WHAT IS REQUIRED:
Using the data below, show every line where the word "alpha" occurs.

[Stored items]

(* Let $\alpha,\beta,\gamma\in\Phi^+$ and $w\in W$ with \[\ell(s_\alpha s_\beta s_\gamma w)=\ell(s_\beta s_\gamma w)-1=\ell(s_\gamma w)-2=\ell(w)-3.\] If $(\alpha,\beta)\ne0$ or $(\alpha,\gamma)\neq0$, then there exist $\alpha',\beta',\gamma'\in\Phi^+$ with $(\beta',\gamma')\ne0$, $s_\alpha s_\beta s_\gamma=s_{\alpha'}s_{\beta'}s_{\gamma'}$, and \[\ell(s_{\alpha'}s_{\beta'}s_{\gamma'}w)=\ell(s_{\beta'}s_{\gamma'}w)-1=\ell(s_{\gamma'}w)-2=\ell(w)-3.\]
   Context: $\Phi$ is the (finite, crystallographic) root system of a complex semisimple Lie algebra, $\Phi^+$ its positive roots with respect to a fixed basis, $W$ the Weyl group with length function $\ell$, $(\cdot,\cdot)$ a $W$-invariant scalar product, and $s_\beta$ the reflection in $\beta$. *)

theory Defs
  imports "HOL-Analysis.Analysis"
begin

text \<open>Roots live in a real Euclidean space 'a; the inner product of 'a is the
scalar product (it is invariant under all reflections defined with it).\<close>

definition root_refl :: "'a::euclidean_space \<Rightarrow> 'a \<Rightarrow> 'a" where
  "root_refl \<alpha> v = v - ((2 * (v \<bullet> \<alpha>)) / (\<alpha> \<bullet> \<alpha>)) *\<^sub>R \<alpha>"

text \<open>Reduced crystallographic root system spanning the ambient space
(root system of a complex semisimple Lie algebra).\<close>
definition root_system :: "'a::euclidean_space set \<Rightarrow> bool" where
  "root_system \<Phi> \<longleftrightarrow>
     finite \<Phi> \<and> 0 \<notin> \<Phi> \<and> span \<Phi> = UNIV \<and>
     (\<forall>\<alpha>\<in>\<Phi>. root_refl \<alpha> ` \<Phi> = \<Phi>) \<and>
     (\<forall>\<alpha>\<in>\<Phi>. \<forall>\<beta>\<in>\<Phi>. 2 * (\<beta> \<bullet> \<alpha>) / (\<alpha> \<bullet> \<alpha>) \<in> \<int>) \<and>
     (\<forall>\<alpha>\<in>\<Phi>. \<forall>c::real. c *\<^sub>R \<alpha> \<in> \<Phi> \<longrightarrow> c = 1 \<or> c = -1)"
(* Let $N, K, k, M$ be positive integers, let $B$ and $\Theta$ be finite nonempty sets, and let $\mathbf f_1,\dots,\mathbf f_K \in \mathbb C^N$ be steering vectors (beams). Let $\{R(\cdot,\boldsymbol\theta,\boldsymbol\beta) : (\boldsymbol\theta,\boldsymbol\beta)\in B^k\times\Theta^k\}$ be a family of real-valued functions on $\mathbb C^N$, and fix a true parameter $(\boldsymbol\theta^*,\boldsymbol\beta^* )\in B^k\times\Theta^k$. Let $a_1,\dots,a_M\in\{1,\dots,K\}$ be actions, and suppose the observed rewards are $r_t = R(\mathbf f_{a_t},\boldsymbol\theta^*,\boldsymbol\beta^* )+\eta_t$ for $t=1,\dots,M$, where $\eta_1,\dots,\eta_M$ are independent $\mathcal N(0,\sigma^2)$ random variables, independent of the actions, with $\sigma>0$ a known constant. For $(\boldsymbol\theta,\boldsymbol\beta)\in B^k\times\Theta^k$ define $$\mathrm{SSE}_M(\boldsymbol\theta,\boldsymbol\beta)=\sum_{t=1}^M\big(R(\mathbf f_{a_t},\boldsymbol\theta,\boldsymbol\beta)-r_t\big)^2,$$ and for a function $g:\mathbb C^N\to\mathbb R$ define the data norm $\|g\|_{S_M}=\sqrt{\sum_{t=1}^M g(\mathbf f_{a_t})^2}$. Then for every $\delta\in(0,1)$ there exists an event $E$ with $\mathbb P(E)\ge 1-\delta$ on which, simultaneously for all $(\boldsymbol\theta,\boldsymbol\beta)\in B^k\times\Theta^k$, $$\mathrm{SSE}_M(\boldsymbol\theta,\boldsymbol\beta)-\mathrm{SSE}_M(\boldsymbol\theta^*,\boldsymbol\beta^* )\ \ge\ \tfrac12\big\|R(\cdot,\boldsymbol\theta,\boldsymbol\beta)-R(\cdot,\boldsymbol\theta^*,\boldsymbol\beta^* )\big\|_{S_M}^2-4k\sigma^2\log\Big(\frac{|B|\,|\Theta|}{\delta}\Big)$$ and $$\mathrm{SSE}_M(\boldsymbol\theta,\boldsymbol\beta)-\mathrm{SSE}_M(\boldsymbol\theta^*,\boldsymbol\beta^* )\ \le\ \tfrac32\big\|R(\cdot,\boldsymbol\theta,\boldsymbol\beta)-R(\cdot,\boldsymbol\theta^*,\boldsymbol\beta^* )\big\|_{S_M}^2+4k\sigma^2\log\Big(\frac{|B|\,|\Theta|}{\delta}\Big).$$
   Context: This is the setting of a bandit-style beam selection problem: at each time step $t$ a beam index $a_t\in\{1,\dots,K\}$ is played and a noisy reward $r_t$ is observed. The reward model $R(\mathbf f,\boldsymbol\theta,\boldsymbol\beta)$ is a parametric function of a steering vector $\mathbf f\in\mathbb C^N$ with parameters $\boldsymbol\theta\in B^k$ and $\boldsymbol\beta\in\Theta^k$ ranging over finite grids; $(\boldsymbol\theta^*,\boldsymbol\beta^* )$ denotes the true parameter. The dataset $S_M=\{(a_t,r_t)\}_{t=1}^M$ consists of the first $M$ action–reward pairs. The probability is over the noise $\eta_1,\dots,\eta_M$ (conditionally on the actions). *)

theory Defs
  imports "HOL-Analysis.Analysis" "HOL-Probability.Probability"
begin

TASK ANSWER:
(* Let $\alpha,\beta,\gamma\in\Phi^+$ and $w\in W$ with \[\ell(s_\alpha s_\beta s_\gamma w)=\ell(s_\beta s_\gamma w)-1=\ell(s_\gamma w)-2=\ell(w)-3.\] If $(\alpha,\beta)\ne0$ or $(\alpha,\gamma)\neq0$, then there exist $\alpha',\beta',\gamma'\in\Phi^+$ with $(\beta',\gamma')\ne0$, $s_\alpha s_\beta s_\gamma=s_{\alpha'}s_{\beta'}s_{\gamma'}$, and \[\ell(s_{\alpha'}s_{\beta'}s_{\gamma'}w)=\ell(s_{\beta'}s_{\gamma'}w)-1=\ell(s_{\gamma'}w)-2=\ell(w)-3.\]
  "root_refl \<alpha> v = v - ((2 * (v \<bullet> \<alpha>)) / (\<alpha> \<bullet> \<alpha>)) *\<^sub>R \<alpha>"
     (\<forall>\<alpha>\<in>\<Phi>. root_refl \<alpha> ` \<Phi> = \<Phi>) \<and>
     (\<forall>\<alpha>\<in>\<Phi>. \<forall>\<beta>\<in>\<Phi>. 2 * (\<beta> \<bullet> \<alpha>) / (\<alpha> \<bullet> \<alpha>) \<in> \<int>) \<and>
     (\<forall>\<alpha>\<in>\<Phi>. \<forall>c::real. c *\<^sub>R \<alpha> \<in> \<Phi> \<longrightarrow> c = 1 \<or> c = -1)"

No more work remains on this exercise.